DiggAlgorithmIt has been tested for a long time and is constantly corrected. It makes full use of all the information it can collect and is worth learning from.
Like Digg, newsvine is well-considered:
- User reputation;
- Reputation of user friends;
- Comment;
- Domain Name weight;
- Browsing count and stay time.
Reference Source:
1. The Digg algorithm-unofficial FAQ
2. newsvine algorithm and potential ranking factors for exposure
Mode 4. Seeds Mode
This is a probing statistical method for a third-party application to go deep into a social media. Select a key users set in advance (such as the founder and other core users, known as "seeds"), then scan the social graph from these users, and count inbound links and friends, obtain the rankings of Different metrics of the scanned social media. This is the method used by the spinn3r rank. This mode is not limited to computing top users.

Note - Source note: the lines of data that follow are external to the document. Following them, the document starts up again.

lemma card_iterated_rich_set:
  assumes "finite A" "0 < ln (real (card A))" "real i \<le> ln (real (card A))"
  shows "card A \<le> 2 * card ((rich_set A ^^ i) A)"
proof -
  define L where "L = ln (real (card A))"
  note sub = iterated_rich_set_subset[where A = A and X = A]
  then have fin: "finite ((rich_set A ^^ j) A)" for j
    using assms(1) finite_subset by blast
  have lower: "real (card A) - real j * real (card A) / (2 * L) \<le> real (card ((rich_set A ^^ j) A))"
    for j
  proof (induction j)
    case (Suc j)
    let ?X = "(rich_set A ^^ j) A"
    have "rich_set A ?X \<subseteq> ?X"
      by (rule rich_set_subset)
    then have "card ?X = card (rich_set A ?X) + card (?X - rich_set A ?X)"
      using fin[of j] by (simp add: card_Diff_subset card_mono finite_subset)
    moreover have "real (card (?X - rich_set A ?X)) \<le> real (card ?X) / (2 * L)"
      unfolding L_def by (rule card_not_rich_le[OF fin assms(2)])
    moreover have "real (card ?X) / (2 * L) \<le> real (card A) / (2 * L)"
      using card_mono[OF assms(1) sub] assms(2) unfolding L_def by (simp add: divide_right_mono)
    moreover have "real (Suc j) * real (card A) / (2 * L)
        = real j * real (card A) / (2 * L) + real (card A) / (2 * L)"
      by (simp add: add_divide_distrib distrib_right)
    ultimately show ?case
      using Suc.IH by simp
  qed simp
  have "real i * real (card A) / (2 * L) \<le> L * real (card A) / (2 * L)"
    using assms(2,3) unfolding L_def by (intro divide_right_mono mult_right_mono) auto
  then have "real (card A) / 2 \<le> real (card ((rich_set A ^^ i) A))"
    using lower[of i] assms(2) unfolding L_def by simp
  then show ?thesis
    by linarith
qed

section \<open>Third energy and triple counts\<close>

definition common_shifts :: "real set \<Rightarrow> real set \<Rightarrow> real \<times> real \<Rightarrow> real set" where
  "common_shifts B R p = {b \<in> B. fst p - b \<in> R \<and> snd p - b \<in> R}"

lemma card_Int_translates:
  fixes b b' :: real
  shows "card {s. s - b \<in> B \<and> s - b' \<in> B} = delta_rep B (b - b')"
proof -
  have "bij_betw (\<lambda>s. (s - b', s - b)) {s. s - b \<in> B \<and> s - b' \<in> B}
          {p \<in> B \<times> B. fst p - snd p = b - b'}"
    by (rule bij_betw_byWitness[where f' = "\<lambda>p. fst p + b'"]) (auto simp: diff_eq_eq diff_add_eq)
  then show ?thesis
    by (simp add: delta_rep_altdef bij_betw_same_card)
qed
(* Let $P$ be a $K\times K$ substochastic matrix with $\rho(P)<1$, and let $\mu,\lambda,N\in\mathbb{R}_+^K$. Consider the linear network $\mathbf{N}^{(i)}(t)=N^{(i)}+\lambda^{(i)}t$, $\mathbf{S}^{(i)}(t)=\mu^{(i)}t$, $\mathbf{P}^{(i,j)}(t)=P^{(i,j)}t$. Then the fixed point equation $\mathbf{A}=\Gamma(\mathbf{D},\mathbf{P},\mathbf{N})$, $\mathbf{D}=\Phi(\mathbf{A},\mathbf{S})$ has a unique solution $(\mathbf{A},\mathbf{D})\in\mathbb{D}(\mathbb{R}_+^K)\times\mathbb{D}_0(\mathbb{R}_+^K)$, given by $\mathbf{A}(t)=x(\mu t,P,N+\lambda t)$ and $\mathbf{D}^{(i)}(t)=\mathbf{A}^{(i)}(t)\wedge\mu^{(i)}t$.
   Context: $\mathbb{D}(\mathbb{R}_+^K)$: càdlàg componentwise non-decreasing functions $\mathbb{R}_+\to\mathbb{R}_+^K$; $\mathbb{D}_0$: those vanishing at $0$. $\rho$ denotes the spectral radius. For $X\in\mathbb{D}_0(\mathbb{R}_+^K)$, $\mathbf{P}=(\mathbf{P}^{(i,j)})$ with $\mathbf{P}^{(i,j)}\in\mathbb{D}_0(\mathbb{R}_+)$, and $\mathbf{N}\in\mathbb{D}(\mathbb{R}_+^K)$: $\Gamma(X,\mathbf{P},\mathbf{N})^{(i)}(t)=\mathbf{N}^{(i)}(t)+\sum_{j=1}^K\mathbf{P}^{(j,i)}(X^{(j)}(t))$. For $X\in\mathbb{D}(\mathbb{R}_+^K)$, $Y\in\mathbb{D}_0(\mathbb{R}_+^K)$: $\Phi(X,Y)^{(i)}(t)=\inf_{0\le s\le t}\{Y^{(i)}(t)-Y^{(i)}(s)+X^{(i)}(s)\}\wedge Y^{(i)}(t)$. For a substochastic $P$ with $\rho(P)<1$ and $(\alpha,y)\in\mathbb{R}_+^{2K}$, $x(y,P,\alpha)\in\mathbb{R}_+^K$ denotes the unique solution of $x^{(i)}=\alpha^{(i)}+\sum_{j=1}^KP^{(j,i)}(x^{(j)}\wedge y^{(j)})$, $1\le i\le K$ (this solution exists, is unique, and is continuous and non-decreasing in $(y,\alpha)$). Here $\mu t$ denotes the vector $(\mu^{(i)}t)_i$. *)

theory Defs
  imports "Jordan_Normal_Form.Spectral_Radius"
begin

(* Time domain R_+ is represented by real numbers t with t >= 0; values of
   paths at negative times are irrelevant.  Vectors in R_+^K are functions
   nat => real, of which only indices i < K matter. *)

definition cadlag1 :: "(real \<Rightarrow> real) \<Rightarrow> bool" where
  "cadlag1 f \<longleftrightarrow> (\<forall>t\<ge>0. continuous (at_right t) f) \<and>
                   (\<forall>t>0. \<exists>l. (f \<longlongrightarrow> l) (at_left t))"

definition D1 :: "(real \<Rightarrow> real) set" where
  "D1 = {f. cadlag1 f \<and> (\<forall>s t. 0 \<le> s \<longrightarrow> s \<le> t \<longrightarrow> f s \<le> f t) \<and> (\<forall>t\<ge>0. 0 \<le> f t)}"

definition D0_1 :: "(real \<Rightarrow> real) set" where
  "D0_1 = {f. f \<in> D1 \<and> f 0 = 0}"

definition DK :: "nat \<Rightarrow> (real \<Rightarrow> nat \<Rightarrow> real) set" where
  "DK K = {X. \<forall>i<K. (\<lambda>t. X t i) \<in> D1}"

definition D0K :: "nat \<Rightarrow> (real \<Rightarrow> nat \<Rightarrow> real) set" where
  "D0K K = {X. \<forall>i<K. (\<lambda>t. X t i) \<in> D0_1}"

definition Gamma :: "nat \<Rightarrow> (real \<Rightarrow> nat \<Rightarrow> real) \<Rightarrow> (nat \<Rightarrow> nat \<Rightarrow> real \<Rightarrow> real)
                     \<Rightarrow> (real \<Rightarrow> nat \<Rightarrow> real) \<Rightarrow> real \<Rightarrow> nat \<Rightarrow> real" where
  "Gamma K X PP NN t i = NN t i + (\<Sum>j<K. PP j i (X t j))"

definition Phi :: "(real \<Rightarrow> nat \<Rightarrow> real) \<Rightarrow> (real \<Rightarrow> nat \<Rightarrow> real) \<Rightarrow> real \<Rightarrow> nat \<Rightarrow> real" where
  "Phi X Y t i = min (INF s\<in>{0..t}. Y t i - Y s i + X s i) (Y t i)"

definition substochastic :: "nat \<Rightarrow> real mat \<Rightarrow> bool" where
  "substochastic K P \<longleftrightarrow> P \<in> carrier_mat K K \<and>
     (\<forall>i<K. \<forall>j<K. 0 \<le> P $$ (i,j)) \<and> (\<forall>i<K. (\<Sum>j<K. P $$ (i,j)) \<le> 1)"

The following two techniques are often used:
- Scanning from approved sources: a good algorithm, of course, should start from a good source, so does techmeme and playlist SR;
- Traverse friendship: spammers or users with low levels are unlikely to get connections from seeds.
Well, this is one of the several sort rule algorithms that I have observed in social media. If you have any additional information, please leave a message or follow me.
Zheng, Beijing, 20090905
Other references:
1. What is influencerank?
2. ranking by semantic similarity
We recommend that you read the following articles:
1. Four modes of developing value-added social media;
2. Analyze the network trajectory and fragmentation of a person;
3. [semantic] sentiment analysis direction: 0908;
4. Five techniques for finding experts from the massive data volumes of social media.